- _TASK TO COMPLETE_
Report the count of lines below that include "bool", without any other text.

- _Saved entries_
┏━━

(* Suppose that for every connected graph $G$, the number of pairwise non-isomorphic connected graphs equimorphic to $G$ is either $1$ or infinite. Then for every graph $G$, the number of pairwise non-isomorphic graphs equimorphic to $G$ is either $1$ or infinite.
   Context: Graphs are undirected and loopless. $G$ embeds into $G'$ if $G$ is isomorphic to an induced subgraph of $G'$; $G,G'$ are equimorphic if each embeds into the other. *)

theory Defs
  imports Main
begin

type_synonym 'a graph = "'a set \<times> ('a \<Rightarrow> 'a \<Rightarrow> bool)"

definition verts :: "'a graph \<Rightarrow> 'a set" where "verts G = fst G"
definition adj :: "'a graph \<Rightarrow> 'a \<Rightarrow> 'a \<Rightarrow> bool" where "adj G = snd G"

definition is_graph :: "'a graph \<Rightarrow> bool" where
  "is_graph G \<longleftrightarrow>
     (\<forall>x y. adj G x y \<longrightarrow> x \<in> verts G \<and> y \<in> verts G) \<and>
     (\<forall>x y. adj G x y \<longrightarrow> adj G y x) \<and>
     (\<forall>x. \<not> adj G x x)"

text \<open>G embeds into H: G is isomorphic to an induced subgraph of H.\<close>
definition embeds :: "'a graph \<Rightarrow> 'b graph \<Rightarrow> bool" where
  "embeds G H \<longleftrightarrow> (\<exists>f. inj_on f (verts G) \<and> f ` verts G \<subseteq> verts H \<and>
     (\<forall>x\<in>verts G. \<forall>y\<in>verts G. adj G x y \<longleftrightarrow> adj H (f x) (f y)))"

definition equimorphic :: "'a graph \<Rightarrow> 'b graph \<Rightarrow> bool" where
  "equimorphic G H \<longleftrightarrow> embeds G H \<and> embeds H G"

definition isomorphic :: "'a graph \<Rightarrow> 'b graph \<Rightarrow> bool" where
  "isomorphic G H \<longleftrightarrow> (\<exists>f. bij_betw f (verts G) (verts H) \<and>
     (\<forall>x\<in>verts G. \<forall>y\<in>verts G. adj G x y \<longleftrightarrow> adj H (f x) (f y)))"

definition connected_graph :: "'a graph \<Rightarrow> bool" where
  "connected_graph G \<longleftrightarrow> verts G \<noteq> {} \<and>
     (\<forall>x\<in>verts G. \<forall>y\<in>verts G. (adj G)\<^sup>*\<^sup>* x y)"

┗━━
┏━━

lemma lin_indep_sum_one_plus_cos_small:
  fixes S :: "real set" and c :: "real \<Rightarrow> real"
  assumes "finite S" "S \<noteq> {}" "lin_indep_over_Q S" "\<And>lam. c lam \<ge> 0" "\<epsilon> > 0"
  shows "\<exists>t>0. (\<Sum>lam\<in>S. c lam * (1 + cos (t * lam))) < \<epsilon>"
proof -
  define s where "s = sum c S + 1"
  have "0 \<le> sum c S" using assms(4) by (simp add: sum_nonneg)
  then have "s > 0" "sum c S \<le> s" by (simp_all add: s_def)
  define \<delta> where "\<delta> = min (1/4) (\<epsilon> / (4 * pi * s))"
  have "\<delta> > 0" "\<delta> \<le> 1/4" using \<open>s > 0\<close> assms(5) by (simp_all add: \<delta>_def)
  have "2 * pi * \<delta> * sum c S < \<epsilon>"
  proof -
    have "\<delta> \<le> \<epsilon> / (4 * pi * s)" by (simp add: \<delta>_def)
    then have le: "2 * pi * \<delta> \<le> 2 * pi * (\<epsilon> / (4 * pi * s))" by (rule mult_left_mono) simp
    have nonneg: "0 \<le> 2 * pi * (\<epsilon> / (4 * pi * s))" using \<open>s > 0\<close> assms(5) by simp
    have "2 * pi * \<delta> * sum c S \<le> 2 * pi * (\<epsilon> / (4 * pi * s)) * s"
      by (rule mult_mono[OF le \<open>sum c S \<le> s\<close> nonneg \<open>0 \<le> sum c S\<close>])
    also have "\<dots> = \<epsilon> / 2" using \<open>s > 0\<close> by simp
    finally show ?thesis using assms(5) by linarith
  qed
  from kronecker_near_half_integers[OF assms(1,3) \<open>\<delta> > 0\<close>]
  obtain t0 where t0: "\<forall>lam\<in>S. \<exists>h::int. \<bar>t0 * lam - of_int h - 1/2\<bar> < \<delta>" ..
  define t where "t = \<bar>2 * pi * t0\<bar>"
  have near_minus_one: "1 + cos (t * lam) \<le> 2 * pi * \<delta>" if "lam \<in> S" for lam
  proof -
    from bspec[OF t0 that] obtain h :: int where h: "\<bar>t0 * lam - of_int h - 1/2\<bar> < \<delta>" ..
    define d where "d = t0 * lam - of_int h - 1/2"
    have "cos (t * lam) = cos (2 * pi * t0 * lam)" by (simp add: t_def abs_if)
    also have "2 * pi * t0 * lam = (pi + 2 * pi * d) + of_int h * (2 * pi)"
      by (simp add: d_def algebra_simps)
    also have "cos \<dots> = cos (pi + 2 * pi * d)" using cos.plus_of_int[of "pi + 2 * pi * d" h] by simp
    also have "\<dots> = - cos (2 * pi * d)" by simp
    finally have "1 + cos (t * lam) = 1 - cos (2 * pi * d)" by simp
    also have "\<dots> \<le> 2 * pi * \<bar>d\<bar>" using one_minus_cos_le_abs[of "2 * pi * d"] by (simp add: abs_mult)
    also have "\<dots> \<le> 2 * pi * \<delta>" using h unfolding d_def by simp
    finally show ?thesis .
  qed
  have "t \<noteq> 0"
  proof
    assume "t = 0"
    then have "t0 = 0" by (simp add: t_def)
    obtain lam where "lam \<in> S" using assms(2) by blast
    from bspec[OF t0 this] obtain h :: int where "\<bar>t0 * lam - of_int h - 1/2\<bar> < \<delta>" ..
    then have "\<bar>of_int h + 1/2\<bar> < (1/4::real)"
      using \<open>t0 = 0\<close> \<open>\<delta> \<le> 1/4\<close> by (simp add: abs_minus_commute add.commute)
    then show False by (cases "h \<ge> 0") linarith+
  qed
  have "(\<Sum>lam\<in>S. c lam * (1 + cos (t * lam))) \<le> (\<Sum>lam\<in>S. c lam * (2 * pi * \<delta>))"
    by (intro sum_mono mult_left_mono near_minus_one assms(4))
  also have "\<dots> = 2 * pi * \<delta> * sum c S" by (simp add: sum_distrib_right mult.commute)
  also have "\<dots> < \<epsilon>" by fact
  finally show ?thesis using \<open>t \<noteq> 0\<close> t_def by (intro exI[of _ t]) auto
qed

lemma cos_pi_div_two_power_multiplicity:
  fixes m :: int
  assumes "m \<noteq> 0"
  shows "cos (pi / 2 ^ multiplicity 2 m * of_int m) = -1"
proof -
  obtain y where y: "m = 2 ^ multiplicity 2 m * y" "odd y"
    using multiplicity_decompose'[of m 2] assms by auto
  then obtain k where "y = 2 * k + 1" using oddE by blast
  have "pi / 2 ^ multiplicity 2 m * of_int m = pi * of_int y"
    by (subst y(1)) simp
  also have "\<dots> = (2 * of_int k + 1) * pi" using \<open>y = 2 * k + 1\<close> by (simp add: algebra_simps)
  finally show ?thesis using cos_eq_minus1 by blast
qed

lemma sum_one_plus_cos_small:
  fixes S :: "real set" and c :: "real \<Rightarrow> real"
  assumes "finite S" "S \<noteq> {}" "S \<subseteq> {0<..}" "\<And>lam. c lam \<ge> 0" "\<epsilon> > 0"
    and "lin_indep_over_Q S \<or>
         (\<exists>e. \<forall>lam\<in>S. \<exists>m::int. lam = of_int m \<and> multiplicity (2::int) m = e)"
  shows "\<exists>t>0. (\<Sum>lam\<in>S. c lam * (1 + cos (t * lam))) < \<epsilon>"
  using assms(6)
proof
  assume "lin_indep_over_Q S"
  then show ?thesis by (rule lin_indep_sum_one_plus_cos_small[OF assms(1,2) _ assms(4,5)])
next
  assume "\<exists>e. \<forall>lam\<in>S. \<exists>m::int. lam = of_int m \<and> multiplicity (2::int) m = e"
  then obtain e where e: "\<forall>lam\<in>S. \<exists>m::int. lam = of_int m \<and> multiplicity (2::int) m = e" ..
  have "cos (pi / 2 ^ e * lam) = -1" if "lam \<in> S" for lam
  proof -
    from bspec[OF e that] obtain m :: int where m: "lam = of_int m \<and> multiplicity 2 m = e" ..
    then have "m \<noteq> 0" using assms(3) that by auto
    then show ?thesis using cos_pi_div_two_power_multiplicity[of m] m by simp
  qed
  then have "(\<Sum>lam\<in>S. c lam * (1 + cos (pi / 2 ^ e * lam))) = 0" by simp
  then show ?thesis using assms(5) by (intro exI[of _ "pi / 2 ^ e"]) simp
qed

┗━━

- _RESPONSE AREA_
7